Bengaluru Police seeking man linked to BJP poll management firm

Shashank Bharadwaj is said to be absconding since February this year, when the Congress filed an FIR about the hacking of its website. Four have been arrested

Karnataka police (photo: Getty Images)
Karnataka police (photo: Getty Images)
user

NH Digital

Bengaluru Police are on the lookout for one Shashank Bharadwaj, associated with Varahe Analytics, a poll strategy firm engaged by the BJP in Karnataka. This is in connection with allegations of hacking the website of Karnataka Congress in February this year.

Bharadwaj, who is absconding, is believed to have made a payment to a firm called M/S VET FAB Technologies, based in Hassan, to hack the official website of the Karnataka Congress and set up a fake website that targets the Congress ahead of the assembly elections in the state.

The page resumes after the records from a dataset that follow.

lemma partial_character_maximal:
  assumes "partial_character G R"
  obtains M where "partial_character G M" "R \<subseteq> M"
    "\<And>M'. partial_character G M' \<Longrightarrow> M \<subseteq> M' \<Longrightarrow> M' = M"
proof -
  define \<A> where "\<A> = {R'. partial_character G R' \<and> R \<subseteq> R'}"
  have "\<exists>M\<in>\<A>. \<forall>R1\<in>\<A>. M \<subseteq> R1 \<longrightarrow> R1 = M"
  proof (rule subset_Zorn_nonempty)
    show "\<A> \<noteq> {}"
      using assms unfolding \<A>_def by blast
  next
    fix \<C> assume \<C>: "\<C> \<noteq> {}" "subset.chain \<A> \<C>"
    have "partial_character G (\<Union>\<C>)"
    proof (rule partial_character_directed_Union[OF \<C>(1)])
      show "partial_character G R1" if "R1 \<in> \<C>" for R1
        using \<C>(2) that unfolding \<A>_def subset_chain_def by blast
      show "\<exists>R\<in>\<C>. R1 \<union> R2 \<subseteq> R" if "R1 \<in> \<C>" "R2 \<in> \<C>" for R1 R2
        using \<C>(2) that unfolding subset_chain_def by (metis Un_absorb1 Un_absorb2 order_refl)
    qed
    moreover have "R \<subseteq> \<Union>\<C>"
      using \<C> unfolding \<A>_def subset_chain_def by blast
    ultimately show "\<Union>\<C> \<in> \<A>"
      unfolding \<A>_def by blast
  qed
  then obtain M where "M \<in> \<A>" and max: "\<And>R1. R1 \<in> \<A> \<Longrightarrow> M \<subseteq> R1 \<Longrightarrow> R1 = M"
    by blast
  then show ?thesis
    using that unfolding \<A>_def by auto
qed

lemma complex_unit_root:
  assumes "cmod z = 1" "m > 0"
  obtains w where "cmod w = 1" "w ^ m = z"
proof -
  have "z \<noteq> 0"
    using assms by auto
  then have "cis (Arg z / m) ^ m = z"
    using assms by (simp add: DeMoivre cis_Arg sgn_eq)
  then show ?thesis using that[of "cis (Arg z / m)"] by simp
qed

context group
begin

lemma partial_character_memD:
  assumes "partial_character G R" "(x, z) \<in> R"
  shows "x \<in> carrier G" "cmod z = 1" "z \<noteq> 0"
  using assms unfolding partial_character_def by auto
(* Let $M$ be an $\aleph_1$-strongly collectionwise Hausdorff manifold. If $w\mathsf{S}(M,\mathbb{R})$ holds, then $M$ is $\omega_1$-compact.
   Context: All spaces are Hausdorff and all maps continuous. A manifold is a connected Hausdorff space locally homeomorphic to $\mathbb{R}^n$. A space is $\aleph_1$-strongly collectionwise Hausdorff if every closed discrete subset $\{x_\alpha:\alpha<\lambda\}$ with $\lambda\le\aleph_1$ can be expanded to a discrete collection of open sets $\{U_\alpha:\alpha<\lambda\}$ with $x_\alpha\in U_\alpha$ (discrete: each point has a neighbourhood meeting at most one member). A space is $\omega_1$-compact if every closed discrete subspace is countable. For a non-Lindelöf space $X$ and a space $Y$, $w\mathsf{S}(X,Y)$ means: for every continuous $f:X\to Y$ there are a Lindelöf $Z\subset X$ and a continuous $r:X\to Z$ with $(f\circ r)\restriction(X\setminus Z)=f\restriction(X\setminus Z)$. (For Lindelöf $X$ the property is regarded as trivially true.) *)

theory Defs
  imports "HOL-Analysis.Analysis"
begin

definition is_manifold :: "'a topology \<Rightarrow> bool" where
  "is_manifold X \<longleftrightarrow> connected_space X \<and> Hausdorff_space X \<and>
     (\<exists>n. \<forall>x \<in> topspace X. \<exists>U. openin X U \<and> x \<in> U \<and>
            subtopology X U homeomorphic_space Euclidean_space n)"

definition closed_discrete_in :: "'a topology \<Rightarrow> 'a set \<Rightarrow> bool" where
  "closed_discrete_in X D \<longleftrightarrow> closedin X D \<and>
     (\<forall>x \<in> D. \<exists>U. openin X U \<and> U \<inter> D = {x})"

text \<open>aleph_1-strongly collectionwise Hausdorff: every closed discrete set of
  cardinality at most aleph_1 (= cardSuc natLeq) expands to a discrete family of open sets.\<close>
definition aleph1_strongly_cwH :: "'a topology \<Rightarrow> bool" where
  "aleph1_strongly_cwH X \<longleftrightarrow>
     (\<forall>D. closed_discrete_in X D \<and> (card_of D, cardSuc natLeq) \<in> ordLeq \<longrightarrow>
        (\<exists>U. (\<forall>x \<in> D. openin X (U x) \<and> x \<in> U x) \<and>
             (\<forall>p \<in> topspace X. \<exists>V. openin X V \<and> p \<in> V \<and>
                (\<forall>x \<in> D. \<forall>y \<in> D. V \<inter> U x \<noteq> {} \<and> V \<inter> U y \<noteq> {} \<longrightarrow> x = y))))"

While the FIR was lodged in February, the BJP lost the election in May. This week Bengaluru police arrested three people, including directors of the said company, for developing the fake website and uploading defamatory content and disinformation.

Varahe Analytics had been hired by the BJP for formulating its election campaign and strategy in the state.

Naming the arrested people as Dharnesh Jain, Siddharth and Venkatesh, besides another unnamed employee, a press note from the Hassan police issued on Saturday, 12 August, claims to have confiscated three mobile phones, a laptop, a credit card and other incriminating documents.

The press note also said that some incriminating WhatsApp chats have been recovered.

The official website of the Karnataka Congress, inckarnataka.in had disappeared one fine morning in February, with visitors seeing the message: “This account has been suspended. Contact your hosting provider for more information." The hackers had infiltrated the domain's server ID too, rendering it “suspended”. This digital attack was the third in less than 24 hours.


Simultaneously a fake website, kpcc.in, was set up with photos of Congress leaders. The website was designed to resemble the official website but described the party as “Communal, Criminal and Corrupt”. Photos of Congress leaders were used with intent to slander, as alleged by Priyank Kharge, chairman of the KPCC Communications Cell, in an official complaint to the Bengaluru police commissioner.

A fake letter with a forged signature of the present chief minister, Siddaramaiah, was also hosted on the spoof website. The letter, addressed to Sonia Gandhi and written in Kannada, was printed on a letterhead resembling the Congress's official letterhead. It urged Sonia Gandhi to log in to the fake website, highlighting infighting within the Congress.